━━ Entries shown

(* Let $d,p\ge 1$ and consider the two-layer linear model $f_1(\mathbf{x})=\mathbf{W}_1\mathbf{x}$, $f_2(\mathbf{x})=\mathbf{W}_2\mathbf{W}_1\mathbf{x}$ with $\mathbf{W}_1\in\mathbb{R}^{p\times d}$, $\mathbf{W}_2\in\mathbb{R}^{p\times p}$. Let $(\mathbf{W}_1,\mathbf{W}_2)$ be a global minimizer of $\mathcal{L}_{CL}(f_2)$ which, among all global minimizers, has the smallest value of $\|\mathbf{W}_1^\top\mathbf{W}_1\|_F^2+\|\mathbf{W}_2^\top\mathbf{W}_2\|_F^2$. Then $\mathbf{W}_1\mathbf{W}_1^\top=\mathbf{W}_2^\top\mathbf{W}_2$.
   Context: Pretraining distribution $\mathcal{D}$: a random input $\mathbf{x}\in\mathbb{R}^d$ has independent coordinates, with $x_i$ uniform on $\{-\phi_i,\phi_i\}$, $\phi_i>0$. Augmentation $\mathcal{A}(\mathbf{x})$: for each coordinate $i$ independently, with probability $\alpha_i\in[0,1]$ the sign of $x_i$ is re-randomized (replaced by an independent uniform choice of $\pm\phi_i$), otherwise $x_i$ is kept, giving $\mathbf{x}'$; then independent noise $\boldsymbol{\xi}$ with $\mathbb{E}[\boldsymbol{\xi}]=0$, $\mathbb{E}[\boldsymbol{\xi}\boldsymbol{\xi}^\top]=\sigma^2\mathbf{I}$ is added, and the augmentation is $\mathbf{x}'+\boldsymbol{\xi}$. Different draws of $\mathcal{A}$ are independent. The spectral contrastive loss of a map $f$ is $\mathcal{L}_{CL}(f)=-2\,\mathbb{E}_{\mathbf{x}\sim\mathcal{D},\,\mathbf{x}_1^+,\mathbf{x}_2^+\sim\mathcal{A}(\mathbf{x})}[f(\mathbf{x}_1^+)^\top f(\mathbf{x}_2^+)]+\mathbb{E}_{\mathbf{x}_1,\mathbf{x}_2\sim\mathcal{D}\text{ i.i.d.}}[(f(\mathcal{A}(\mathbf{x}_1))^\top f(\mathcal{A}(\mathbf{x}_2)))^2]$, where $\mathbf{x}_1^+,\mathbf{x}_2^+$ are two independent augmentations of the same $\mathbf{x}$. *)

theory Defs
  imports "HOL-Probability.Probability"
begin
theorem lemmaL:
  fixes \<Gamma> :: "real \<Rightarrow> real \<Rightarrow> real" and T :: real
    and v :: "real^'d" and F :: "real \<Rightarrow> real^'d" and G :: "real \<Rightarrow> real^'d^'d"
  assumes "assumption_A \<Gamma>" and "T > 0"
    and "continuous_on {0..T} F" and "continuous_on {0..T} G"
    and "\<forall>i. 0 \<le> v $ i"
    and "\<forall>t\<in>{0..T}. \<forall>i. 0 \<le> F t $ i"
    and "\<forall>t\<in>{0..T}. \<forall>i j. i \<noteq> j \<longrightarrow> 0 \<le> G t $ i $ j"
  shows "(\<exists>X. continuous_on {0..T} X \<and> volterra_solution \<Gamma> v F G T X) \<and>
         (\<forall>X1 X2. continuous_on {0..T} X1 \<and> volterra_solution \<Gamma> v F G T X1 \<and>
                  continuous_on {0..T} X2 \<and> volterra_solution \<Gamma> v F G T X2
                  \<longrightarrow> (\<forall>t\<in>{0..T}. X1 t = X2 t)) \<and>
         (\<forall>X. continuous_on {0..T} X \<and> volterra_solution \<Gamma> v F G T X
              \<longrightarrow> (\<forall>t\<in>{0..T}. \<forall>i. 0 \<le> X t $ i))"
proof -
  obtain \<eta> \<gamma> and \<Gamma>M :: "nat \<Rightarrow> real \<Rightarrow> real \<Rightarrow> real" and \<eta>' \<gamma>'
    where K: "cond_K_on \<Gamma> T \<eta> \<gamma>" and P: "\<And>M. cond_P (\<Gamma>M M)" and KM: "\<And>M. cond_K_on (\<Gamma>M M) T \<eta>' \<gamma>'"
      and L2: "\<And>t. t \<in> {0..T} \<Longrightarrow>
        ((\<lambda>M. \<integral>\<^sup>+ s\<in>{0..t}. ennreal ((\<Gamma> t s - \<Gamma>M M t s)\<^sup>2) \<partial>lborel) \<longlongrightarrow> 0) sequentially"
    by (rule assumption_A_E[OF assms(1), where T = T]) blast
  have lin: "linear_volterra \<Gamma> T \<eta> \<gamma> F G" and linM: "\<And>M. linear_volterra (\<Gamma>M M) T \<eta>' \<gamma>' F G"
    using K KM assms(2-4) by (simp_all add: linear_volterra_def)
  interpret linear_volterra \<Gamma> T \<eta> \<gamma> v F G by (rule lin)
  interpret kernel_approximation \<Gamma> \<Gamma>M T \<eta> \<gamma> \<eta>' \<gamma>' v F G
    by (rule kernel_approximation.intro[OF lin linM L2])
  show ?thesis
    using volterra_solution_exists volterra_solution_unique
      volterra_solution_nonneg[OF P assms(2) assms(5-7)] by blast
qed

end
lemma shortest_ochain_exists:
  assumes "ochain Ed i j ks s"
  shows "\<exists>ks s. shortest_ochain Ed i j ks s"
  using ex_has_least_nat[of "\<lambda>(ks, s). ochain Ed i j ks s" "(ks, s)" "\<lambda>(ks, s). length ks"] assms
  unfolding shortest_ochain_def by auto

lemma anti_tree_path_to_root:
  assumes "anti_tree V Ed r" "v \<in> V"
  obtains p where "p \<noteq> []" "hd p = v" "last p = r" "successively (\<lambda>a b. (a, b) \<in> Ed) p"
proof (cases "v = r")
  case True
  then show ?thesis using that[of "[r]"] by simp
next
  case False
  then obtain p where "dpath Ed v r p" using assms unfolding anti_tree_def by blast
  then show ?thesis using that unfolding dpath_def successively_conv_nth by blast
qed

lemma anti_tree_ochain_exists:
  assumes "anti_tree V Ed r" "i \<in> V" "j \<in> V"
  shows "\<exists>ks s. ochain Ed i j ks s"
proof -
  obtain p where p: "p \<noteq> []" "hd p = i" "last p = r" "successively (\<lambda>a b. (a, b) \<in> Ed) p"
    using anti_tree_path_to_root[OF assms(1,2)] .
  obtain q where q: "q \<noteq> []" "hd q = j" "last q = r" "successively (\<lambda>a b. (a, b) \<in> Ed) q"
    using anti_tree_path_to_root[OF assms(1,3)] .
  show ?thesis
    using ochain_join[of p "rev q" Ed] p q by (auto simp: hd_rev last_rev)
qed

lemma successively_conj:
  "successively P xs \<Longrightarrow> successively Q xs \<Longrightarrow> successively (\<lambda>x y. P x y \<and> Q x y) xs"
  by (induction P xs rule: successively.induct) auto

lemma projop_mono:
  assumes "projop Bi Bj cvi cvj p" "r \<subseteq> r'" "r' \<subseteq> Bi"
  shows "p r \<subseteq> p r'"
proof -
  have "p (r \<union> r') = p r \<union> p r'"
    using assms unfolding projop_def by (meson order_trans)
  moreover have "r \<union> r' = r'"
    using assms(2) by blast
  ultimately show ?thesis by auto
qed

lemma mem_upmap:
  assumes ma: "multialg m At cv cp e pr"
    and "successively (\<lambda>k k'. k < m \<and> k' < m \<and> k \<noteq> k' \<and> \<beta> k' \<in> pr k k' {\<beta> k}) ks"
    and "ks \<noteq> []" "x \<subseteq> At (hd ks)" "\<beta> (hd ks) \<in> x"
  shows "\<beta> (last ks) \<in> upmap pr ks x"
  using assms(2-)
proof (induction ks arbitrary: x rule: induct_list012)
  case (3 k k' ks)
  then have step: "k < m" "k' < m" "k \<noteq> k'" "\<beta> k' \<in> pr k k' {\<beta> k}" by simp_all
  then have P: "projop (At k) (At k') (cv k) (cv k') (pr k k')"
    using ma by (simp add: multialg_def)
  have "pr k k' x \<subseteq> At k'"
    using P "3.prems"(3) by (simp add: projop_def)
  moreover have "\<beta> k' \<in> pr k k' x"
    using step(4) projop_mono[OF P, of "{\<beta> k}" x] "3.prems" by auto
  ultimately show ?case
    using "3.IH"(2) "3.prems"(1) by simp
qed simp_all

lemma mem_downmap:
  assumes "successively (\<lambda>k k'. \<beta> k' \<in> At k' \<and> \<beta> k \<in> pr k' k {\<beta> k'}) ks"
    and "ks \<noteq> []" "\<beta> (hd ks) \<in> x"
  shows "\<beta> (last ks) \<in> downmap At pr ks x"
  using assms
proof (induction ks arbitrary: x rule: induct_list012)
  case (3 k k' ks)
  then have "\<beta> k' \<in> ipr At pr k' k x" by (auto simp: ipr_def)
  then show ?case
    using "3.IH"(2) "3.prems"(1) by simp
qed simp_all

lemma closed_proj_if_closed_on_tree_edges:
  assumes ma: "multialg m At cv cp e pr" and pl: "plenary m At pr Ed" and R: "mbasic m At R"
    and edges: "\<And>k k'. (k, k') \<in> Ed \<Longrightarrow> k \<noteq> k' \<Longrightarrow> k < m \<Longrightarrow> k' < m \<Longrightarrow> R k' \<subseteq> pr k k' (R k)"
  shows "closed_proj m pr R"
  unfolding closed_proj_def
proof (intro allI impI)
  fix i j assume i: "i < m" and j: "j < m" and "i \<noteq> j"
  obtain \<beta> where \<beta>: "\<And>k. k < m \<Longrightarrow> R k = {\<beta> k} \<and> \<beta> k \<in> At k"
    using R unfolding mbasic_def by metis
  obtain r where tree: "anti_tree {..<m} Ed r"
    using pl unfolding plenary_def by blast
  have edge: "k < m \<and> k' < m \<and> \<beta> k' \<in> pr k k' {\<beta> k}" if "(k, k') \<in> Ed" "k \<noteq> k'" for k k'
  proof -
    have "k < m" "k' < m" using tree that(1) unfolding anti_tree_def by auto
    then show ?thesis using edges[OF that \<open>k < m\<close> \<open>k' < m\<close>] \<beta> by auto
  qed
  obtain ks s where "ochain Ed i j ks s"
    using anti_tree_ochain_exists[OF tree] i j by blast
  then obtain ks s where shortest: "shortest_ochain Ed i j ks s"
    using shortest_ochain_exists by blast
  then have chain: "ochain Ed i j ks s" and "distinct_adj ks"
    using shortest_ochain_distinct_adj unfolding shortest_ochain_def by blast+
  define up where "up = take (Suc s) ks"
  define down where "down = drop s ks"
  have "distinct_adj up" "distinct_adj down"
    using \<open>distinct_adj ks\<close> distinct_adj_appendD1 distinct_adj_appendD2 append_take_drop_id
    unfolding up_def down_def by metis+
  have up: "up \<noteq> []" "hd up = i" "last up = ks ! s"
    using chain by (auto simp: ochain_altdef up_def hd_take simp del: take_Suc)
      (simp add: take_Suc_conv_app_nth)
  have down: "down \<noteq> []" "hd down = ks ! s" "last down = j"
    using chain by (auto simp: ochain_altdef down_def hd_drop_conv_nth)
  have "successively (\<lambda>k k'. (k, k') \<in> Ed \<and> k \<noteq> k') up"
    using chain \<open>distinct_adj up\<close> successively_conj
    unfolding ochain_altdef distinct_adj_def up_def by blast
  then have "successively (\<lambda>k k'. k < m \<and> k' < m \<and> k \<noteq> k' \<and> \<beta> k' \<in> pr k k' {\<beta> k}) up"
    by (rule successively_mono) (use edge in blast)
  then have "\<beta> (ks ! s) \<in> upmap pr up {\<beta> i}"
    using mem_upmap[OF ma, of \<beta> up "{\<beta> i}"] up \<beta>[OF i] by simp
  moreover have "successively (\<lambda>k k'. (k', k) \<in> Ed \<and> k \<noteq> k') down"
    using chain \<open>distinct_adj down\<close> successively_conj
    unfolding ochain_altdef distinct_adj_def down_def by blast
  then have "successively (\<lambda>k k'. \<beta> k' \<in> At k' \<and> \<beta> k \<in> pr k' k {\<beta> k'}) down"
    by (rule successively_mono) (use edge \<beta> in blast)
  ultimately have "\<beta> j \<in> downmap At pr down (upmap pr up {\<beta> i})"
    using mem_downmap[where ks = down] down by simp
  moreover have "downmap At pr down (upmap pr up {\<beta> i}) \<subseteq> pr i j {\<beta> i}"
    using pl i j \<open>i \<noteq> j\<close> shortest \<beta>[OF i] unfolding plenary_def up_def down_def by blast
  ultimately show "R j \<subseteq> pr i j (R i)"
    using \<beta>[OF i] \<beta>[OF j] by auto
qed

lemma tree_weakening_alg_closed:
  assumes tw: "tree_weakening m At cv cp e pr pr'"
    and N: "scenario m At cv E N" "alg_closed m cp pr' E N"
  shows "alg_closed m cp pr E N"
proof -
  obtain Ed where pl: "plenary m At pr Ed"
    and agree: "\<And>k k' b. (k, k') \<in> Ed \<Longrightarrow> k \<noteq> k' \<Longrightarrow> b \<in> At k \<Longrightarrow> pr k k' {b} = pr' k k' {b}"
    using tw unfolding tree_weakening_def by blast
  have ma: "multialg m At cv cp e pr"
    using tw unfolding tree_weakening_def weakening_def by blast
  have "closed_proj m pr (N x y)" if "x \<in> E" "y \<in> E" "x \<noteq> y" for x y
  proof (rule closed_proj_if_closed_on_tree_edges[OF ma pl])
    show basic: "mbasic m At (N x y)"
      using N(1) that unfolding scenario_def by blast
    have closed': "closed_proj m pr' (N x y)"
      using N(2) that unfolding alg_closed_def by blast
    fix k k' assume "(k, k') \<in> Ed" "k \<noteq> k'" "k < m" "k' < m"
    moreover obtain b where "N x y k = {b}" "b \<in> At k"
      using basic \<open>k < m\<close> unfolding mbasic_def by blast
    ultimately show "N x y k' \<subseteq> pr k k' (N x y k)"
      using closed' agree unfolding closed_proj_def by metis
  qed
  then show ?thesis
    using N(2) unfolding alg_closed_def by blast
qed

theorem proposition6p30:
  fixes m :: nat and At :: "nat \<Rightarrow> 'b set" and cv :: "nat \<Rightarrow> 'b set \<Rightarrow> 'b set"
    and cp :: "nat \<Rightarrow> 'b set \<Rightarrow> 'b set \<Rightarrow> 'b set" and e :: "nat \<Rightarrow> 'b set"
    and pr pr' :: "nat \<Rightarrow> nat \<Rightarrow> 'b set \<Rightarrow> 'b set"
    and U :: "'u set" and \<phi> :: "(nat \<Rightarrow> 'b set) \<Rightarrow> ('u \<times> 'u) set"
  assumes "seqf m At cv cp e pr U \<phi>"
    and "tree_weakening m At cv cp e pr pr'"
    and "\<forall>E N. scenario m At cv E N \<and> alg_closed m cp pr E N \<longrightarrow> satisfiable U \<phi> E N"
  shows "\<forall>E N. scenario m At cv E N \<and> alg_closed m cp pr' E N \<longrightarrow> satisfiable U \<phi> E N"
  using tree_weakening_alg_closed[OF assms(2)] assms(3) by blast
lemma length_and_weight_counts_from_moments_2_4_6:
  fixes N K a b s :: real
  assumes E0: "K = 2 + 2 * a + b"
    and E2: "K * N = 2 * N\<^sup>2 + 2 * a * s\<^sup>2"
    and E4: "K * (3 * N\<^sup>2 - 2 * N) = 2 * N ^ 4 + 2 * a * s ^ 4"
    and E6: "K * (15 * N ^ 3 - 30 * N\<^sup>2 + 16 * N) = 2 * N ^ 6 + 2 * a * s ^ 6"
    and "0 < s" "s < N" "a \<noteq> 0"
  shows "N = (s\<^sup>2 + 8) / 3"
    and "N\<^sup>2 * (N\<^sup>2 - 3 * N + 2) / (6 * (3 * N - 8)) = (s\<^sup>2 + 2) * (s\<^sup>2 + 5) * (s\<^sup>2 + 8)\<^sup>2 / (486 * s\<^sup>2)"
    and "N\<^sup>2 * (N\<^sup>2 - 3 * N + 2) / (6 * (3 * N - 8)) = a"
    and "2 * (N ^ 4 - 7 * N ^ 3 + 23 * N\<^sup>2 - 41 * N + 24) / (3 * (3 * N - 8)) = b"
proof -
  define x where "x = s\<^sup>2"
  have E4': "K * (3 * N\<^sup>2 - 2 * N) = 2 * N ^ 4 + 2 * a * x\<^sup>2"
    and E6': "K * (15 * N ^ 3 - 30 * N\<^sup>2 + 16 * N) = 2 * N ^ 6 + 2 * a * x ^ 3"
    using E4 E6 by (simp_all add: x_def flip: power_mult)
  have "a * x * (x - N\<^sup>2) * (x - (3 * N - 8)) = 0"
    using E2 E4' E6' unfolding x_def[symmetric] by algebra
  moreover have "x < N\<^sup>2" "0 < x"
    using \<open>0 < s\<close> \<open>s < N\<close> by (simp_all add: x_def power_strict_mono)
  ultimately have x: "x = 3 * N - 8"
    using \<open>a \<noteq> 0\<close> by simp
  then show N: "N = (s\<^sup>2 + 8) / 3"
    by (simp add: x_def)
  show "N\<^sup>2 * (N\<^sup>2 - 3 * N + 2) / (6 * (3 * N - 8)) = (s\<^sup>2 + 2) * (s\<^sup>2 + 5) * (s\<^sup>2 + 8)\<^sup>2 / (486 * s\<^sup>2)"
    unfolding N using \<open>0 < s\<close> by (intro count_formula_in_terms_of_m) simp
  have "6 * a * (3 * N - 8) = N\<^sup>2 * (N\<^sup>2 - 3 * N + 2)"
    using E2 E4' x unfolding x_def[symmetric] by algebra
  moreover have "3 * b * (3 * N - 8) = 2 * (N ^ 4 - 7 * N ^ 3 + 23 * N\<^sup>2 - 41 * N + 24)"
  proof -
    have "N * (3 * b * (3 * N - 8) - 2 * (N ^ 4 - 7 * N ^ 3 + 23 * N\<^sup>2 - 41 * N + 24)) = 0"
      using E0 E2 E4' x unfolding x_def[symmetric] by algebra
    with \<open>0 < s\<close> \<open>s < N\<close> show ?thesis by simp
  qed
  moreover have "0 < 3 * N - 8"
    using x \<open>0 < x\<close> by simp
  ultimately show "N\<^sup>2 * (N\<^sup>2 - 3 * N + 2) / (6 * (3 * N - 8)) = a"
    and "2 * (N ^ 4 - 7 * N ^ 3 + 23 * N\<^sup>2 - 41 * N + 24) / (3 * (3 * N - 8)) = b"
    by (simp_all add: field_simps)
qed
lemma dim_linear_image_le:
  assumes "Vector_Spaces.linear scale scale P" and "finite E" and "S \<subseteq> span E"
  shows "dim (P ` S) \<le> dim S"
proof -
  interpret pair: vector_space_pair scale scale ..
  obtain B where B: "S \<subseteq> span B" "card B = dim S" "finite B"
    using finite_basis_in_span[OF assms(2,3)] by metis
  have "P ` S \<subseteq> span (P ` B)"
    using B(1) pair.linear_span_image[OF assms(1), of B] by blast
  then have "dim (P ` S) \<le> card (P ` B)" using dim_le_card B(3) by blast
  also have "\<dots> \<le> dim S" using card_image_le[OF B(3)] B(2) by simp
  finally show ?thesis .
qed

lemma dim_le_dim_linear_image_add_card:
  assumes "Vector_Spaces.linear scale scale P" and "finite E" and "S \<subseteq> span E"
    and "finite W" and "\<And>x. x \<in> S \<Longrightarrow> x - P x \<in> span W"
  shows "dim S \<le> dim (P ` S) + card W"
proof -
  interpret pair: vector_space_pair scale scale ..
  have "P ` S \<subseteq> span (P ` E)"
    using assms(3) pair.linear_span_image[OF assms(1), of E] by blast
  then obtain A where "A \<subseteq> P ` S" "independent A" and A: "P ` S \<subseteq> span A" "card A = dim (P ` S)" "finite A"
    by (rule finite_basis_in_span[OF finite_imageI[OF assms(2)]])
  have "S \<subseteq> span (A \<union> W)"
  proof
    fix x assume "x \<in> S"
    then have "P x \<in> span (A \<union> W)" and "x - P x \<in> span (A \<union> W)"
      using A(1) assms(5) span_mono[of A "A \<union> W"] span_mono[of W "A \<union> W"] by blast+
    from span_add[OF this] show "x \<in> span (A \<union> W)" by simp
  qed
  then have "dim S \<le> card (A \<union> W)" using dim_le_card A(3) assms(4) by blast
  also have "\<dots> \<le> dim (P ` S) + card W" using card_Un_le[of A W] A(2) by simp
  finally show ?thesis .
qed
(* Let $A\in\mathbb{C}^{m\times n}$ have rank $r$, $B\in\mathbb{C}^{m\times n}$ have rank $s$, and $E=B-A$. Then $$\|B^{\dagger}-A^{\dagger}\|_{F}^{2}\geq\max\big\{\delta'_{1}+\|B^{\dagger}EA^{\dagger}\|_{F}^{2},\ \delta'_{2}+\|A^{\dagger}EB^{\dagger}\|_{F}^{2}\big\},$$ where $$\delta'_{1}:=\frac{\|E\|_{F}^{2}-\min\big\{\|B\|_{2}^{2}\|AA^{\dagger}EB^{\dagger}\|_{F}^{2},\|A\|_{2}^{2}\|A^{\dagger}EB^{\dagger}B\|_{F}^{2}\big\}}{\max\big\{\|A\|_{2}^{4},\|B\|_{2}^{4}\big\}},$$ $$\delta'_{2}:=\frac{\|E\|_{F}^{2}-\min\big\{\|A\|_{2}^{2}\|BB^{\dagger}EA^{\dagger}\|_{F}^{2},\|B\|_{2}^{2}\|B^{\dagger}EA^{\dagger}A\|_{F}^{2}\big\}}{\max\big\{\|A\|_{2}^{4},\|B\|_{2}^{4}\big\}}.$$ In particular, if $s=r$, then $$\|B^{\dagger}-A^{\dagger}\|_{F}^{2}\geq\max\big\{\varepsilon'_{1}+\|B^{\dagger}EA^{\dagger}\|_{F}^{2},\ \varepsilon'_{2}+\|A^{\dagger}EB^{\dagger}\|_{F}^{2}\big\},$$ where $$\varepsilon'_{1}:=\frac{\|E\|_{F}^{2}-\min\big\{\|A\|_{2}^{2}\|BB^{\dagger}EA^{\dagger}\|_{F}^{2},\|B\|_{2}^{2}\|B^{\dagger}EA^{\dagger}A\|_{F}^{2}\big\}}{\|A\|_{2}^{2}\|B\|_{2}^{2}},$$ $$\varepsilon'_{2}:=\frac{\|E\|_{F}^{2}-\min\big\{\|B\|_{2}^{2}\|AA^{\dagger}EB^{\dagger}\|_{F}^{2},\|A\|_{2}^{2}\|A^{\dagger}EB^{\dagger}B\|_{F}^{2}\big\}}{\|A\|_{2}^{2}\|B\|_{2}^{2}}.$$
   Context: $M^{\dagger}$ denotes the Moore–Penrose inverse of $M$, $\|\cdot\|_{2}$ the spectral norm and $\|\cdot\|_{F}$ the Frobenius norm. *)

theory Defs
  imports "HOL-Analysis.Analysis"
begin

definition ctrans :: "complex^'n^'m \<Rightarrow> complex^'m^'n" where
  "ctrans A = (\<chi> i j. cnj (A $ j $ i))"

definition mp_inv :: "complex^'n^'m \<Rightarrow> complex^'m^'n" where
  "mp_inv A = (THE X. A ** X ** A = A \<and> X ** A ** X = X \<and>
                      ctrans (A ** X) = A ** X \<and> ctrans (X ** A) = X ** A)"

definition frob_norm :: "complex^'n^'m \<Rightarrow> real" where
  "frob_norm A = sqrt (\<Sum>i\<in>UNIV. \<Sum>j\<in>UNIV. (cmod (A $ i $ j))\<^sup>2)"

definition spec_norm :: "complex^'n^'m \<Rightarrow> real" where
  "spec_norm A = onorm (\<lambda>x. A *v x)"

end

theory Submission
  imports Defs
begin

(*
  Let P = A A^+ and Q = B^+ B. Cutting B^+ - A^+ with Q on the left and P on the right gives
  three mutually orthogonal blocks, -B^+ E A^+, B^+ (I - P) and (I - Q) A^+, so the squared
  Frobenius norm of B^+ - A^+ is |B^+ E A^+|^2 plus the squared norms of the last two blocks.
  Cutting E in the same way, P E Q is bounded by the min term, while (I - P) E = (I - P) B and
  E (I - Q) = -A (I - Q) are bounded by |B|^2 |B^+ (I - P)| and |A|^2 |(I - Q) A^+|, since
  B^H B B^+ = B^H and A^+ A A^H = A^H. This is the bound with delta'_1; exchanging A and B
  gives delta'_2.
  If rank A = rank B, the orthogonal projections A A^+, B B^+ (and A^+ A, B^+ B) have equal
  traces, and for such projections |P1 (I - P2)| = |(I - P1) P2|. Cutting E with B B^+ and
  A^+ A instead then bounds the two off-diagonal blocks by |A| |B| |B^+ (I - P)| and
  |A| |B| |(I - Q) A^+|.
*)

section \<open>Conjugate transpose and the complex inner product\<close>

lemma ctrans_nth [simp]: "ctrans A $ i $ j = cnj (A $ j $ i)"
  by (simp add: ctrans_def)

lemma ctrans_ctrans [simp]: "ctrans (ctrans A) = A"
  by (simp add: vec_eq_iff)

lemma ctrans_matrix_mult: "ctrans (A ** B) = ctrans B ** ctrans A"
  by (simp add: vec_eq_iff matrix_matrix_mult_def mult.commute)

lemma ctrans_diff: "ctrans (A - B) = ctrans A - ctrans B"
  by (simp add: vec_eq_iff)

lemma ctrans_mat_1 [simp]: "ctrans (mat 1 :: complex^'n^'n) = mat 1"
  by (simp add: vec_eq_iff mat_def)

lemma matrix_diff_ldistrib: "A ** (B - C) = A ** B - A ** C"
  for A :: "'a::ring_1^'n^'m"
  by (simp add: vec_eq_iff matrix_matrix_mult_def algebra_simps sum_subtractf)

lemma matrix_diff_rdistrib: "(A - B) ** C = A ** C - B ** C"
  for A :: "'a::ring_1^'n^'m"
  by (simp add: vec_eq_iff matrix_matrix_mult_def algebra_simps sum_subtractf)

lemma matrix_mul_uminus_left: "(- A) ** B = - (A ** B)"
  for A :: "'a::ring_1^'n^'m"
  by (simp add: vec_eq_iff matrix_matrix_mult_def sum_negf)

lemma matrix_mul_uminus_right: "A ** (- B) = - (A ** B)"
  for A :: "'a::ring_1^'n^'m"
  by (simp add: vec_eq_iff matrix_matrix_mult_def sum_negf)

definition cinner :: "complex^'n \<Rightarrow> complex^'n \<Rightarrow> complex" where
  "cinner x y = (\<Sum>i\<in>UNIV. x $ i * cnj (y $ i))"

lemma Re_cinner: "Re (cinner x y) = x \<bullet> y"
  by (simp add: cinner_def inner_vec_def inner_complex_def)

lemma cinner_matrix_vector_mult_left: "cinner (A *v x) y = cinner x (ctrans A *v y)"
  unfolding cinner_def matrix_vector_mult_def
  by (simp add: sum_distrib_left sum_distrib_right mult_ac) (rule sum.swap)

━━━━

→ **Task prompt**
Looking at the data above, return every line from the one with "using K KM assms(2-4)" down to the one with "by (rule kernel_approximation.intro[OF", exactly and inclusively.

→ **Written solution**
    using K KM assms(2-4) by (simp_all add: linear_volterra_def)
  interpret linear_volterra \<Gamma> T \<eta> \<gamma> v F G by (rule lin)
  interpret kernel_approximation \<Gamma> \<Gamma>M T \<eta> \<gamma> \<eta>' \<gamma>' v F G
    by (rule kernel_approximation.intro[OF lin linM L2])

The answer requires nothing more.